Preceding this is a direction to the examiners to compare their tentative ratings with respect to wide discrepancies. The insructions require that all records made are to be' made in pencil on a tentative rating for each of the three factors on each work sheet. Apparently the final markings are arrived at by agreement, which is not proper. Preceding this is an instruction that each of the factors on both work sheets should include words that are concrete and explicit descriptions that illustrate the degree of the candidate’s competence in the respective factors. As pointed out by the court, several of the blocks available for such findings were not filled in by the examiners. Thus the criteria of marking are absent. This is not proper.
The interoffice memorandum, Exhibit 5, at page 8, which is the dissection of the appeal by the Civil Service Commission representative, states as follows: “ The fact that an examination is administered by the employing department does not automatically place it in the category of 1 selection by interview ’ further, “ there is no indication that the board members were unable to evaluate Mrs.
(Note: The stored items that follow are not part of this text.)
(* Let $C=L_1;\ldots;L_d$ be a sorting network on $n$ channels of depth $d$ that contains no redundant comparators. Then for every $k$ with $1\le k<d$ and every comparator $(i,j)\in L_k$, the comparator $(i,j)$ connects adjacent $k$-blocks of $C$; that is, every channel $m$ with $i<m<j$ belongs either to the $k$-block containing $i$ or to the $k$-block containing $j$.
   Context: Channels are numbered $1,\ldots,n$. A comparator network on $n$ channels of depth $d$ is a sequence $C=L_1;\ldots;L_d$ of layers; each layer is a set of comparators $(i,j)$ with $1\le i<j\le n$, and each channel occurs in at most one comparator of a given layer. An input $\bar x\in\{0,1\}^n$ propagates through $C$ as follows: $\bar x_0=\bar x$, and for $0<k\le d$, $\bar x_k$ is obtained from $\bar x_{k-1}$ by, for each comparator $(i,j)\in L_k$, putting the minimum of the values at positions $i,j$ of $\bar x_{k-1}$ at position $i$ and the maximum at position $j$ (other positions unchanged). The output is $C(\bar x)=\bar x_d$. $C$ is a sorting network if $C(\bar x)$ is sorted in non-decreasing order for every $\bar x\in\{0,1\}^n$. A comparator $(i,j)$ in layer $L_\ell$ is redundant if for every input $\bar x\in\{0,1\}^n$ the entries of $\bar x_{\ell-1}$ at positions $i$ and $j$ satisfy $(\bar x_{\ell-1})_i\le(\bar x_{\ell-1})_j$. For $0\le k<d$, the $k$-blocks of $C$ are the vertex sets of the connected components of the graph on the channels $\{1,\ldots,n\}$ having an edge $\{i,j\}$ for every comparator $(i,j)$ occurring in some layer $L_{k'}$ with $k'>k$; thus the $k$-blocks partition the set of channels. *)

theory Defs
  imports Main
begin

type_synonym layer = "(nat \<times> nat) set"
type_synonym network = "layer list"  (* L_1 ; ... ; L_d  is  C ! 0, ..., C ! (d-1) *)

definition is_layer :: "nat \<Rightarrow> layer \<Rightarrow> bool" where
  "is_layer n L \<longleftrightarrow>
     (\<forall>(i,j)\<in>L. 1 \<le> i \<and> i < j \<and> j \<le> n) \<and>
     (\<forall>(i,j)\<in>L. \<forall>(i',j')\<in>L. {i,j} \<inter> {i',j'} \<noteq> {} \<longrightarrow> (i,j) = (i',j'))"

definition is_network :: "nat \<Rightarrow> network \<Rightarrow> bool" where
  "is_network n C \<longleftrightarrow> (\<forall>L\<in>set C. is_layer n L)"

definition binary_input :: "nat \<Rightarrow> (nat \<Rightarrow> nat) \<Rightarrow> bool" where
  "binary_input n x \<longleftrightarrow> (\<forall>p. x p \<in> {0,1}) \<and> (\<forall>p. p \<notin> {1..n} \<longrightarrow> x p = 0)"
Jochnowitz objectively, or that any other group of qualified examiners would arrive at any significantly different conclusion”. The court disagrees; this type of interview has to be dispensed with by the Civil Service Commission, as it is contrary to the intent of the Civil Service Law. This oral examination held by appointing departments is pure “window dressing” and although the results may be satisfactory as judged by the respondents,
Therefore the court determines that the commission acted in an arbitrary and capricious manner in designating the appointing department officials as its examiners in the oral examinations.
Further, that the present rules for marking are arbitrary and capricious and should be amended in such manner that a candidate’s ratings truly reflect the marking and grading of each of the examiners and that an average of the ratings be the criteria for the final grade or that the rules be amended by the commission which shall be consistent with the Bucalo case. (Matter of Bucalo v. Kaplan, 19 A D 2d 478, supra.)
A new oral examination of the petitioner is ordered in all three examinations in accordance with the provisions of this decision.